Court Holds Corporation "Coulda, Shoulda" Revived Itself

California law provides that a domestic corporation that fails to pay certain taxes and penalties may have its corporate rights and privileges suspended.  Cal. Rev. & Tax. Code § 23301.  While suspended, a corporation may not prosecute or defend an action or even appeal from an adverse judgment.  A corporation can regain its powers by filing all required tax returns, paying the necessary taxes, penalties and fees, and applying to the Franchise Tax Bard for a certificate of revivor.  Cal. Rev. & Tax. Code § 23305.  Importantly, revival of corporate powers is without prejudice to any action, defense or right that accrued by reason of the suspension.  Cal. Rev. & Tax. Code § 23305a (voidable, but not rescinded, contracts are subject to cure under Section 23305.1).

What happens when a notice of appeal is timely filed by a suspended corporation?  The California Supreme Court has held that revival of corporate powers will validate an earlier invalid notice of appeal even if the time for filing a notice of appeal had run before the revival.  Bourhis v. Lord, 56 Cal. 4th 320 (2013).

Matters are quite different, however, when a statute of limitations is at issue.  If a suspended corporation commences an action while suspended and the statute of limitations runs before the corporation is revived, then the revival does not prevent the running of the statute.

If The Subjunctive Mood Is Moribund Why Do We Still Use It?

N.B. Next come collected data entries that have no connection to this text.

lemma hook_SYT_leg_values:
  assumes p: "p \<in> hook_leg k"
  shows "T p \<in> {2..n} - {T (0, n - k)}"
proof -
  have pD: "p \<in> hook_plus_cell n k" using hook_parts_subset p by blast
  have "1 \<le> T (1, 1)" using hook_SYT_in_range[OF hook_corner_in_hook] by simp
  moreover have "T (1, 1) < T p" "T p \<le> n" using hook_SYT_corner_less_leg hook_SYT_in_range pD p by auto
  moreover have "p \<noteq> (0, n - k)" using p hook_cells_disjoint by blast
  then have "T p \<noteq> T (0, n - k)" using inj_on_eq_iff[OF hook_SYT_inj pD] hook_parts_subset by blast
  ultimately show ?thesis by auto
qed

lemma hook_SYT_data: "(T (0, n - k), T ` hook_leg k) \<in> hook_data n k"
proof -
  let ?v = "T (0, n - k)" and ?L = "T ` hook_leg k"
  have "?L \<subseteq> {2..n} - {?v}" using hook_SYT_leg_values by (rule image_subsetI)
  moreover have "card ?L = k"
    using card_image[OF inj_on_subset[OF hook_SYT_inj hook_parts_subset(2)]] hook_leg_eq_image
    by (simp add: card_image inj_on_def)
  moreover have "2 \<notin> ?L" if "?v = 1"
  proof
    assume "2 \<in> ?L"
    then obtain p where "p \<in> hook_leg k" "T p = 2" by auto
    then have "T (1, 1) < 2" using hook_SYT_corner_less_leg by metis
    then have "T (1, 1) = ?v" using hook_SYT_in_range[OF hook_corner_in_hook] that by simp
    then show False
      using inj_on_eq_iff[OF hook_SYT_inj hook_corner_in_hook hook_parts_subset(3)] by simp
  qed
  ultimately show ?thesis using hook_SYT_in_range hook_parts_subset(3) unfolding hook_data_def by blast
qed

In Tabarrejo v. Superior Court, 2014 Cal. App. LEXIS 1177 (Cal. App. 6th Dist. Nov. 24, 2014), the California Labor Commissioner awarded an employee over $130,000 for unpaid wages and wage-related claims.  The corporate employer appealed the order to the Superior Court and posted an undertaking as required by Labor Code § 98.2. The corporation, although suspended, filed a notice of appeal.  When the corporation thereafter failed to revive itself, it argued that the Superior Court lacked jurisdiction to accept the undertaking that it had posted when it filed its notice of appeal.  The Court of Appeal, however, did not buy that argument:

When PRH [the corporation] filed its appeal in the trial court, there was always a possibility that it would cure its incapacity by reviving its corporate powers.  . . . That PRH elected not to revive its powers and retroactively validate its prior litigation activity did not retroactively divest the court of jurisdiction to hear the appeal.  The court had jurisdiction over the parties and the subject matter when the appeal and the undertaking were filed; it also had jurisdiction months later to dismiss the action based on PRH's incapacity.  PRH's decision not to cure its incapacity affected PRH's right to proceed with the litigation, but it did not divest the trial court of jurisdiction.

Id. at *32-*33.

The Court of Appeal's holding hinges upon the potential, yet contrary to fact, status of the corporation.  In Latin, actions that didn't occur or that might occur are expressed in what is known as the subjunctive mood.  Much to the dismay of many a student, the Romans really liked the subjunctive mood.  English, however, uses the subjunctive mood only rarely (H.W. Fowler called it "moribund").  Perhaps the most common example in English is the use of "were" instead of "was" as in "If I were you, . . .".   It is also why resolutions are often expressed using "be" as in "I move that Ms. Jones be nominated . . .".

Tabarrejo is an odd case.  It's not often that you see an appellant argue that the court doesn't have jurisdiction over an appeal initiated by the appellant.  The motivation in this case was to set aside the forfeiture of the undertaking to the employee.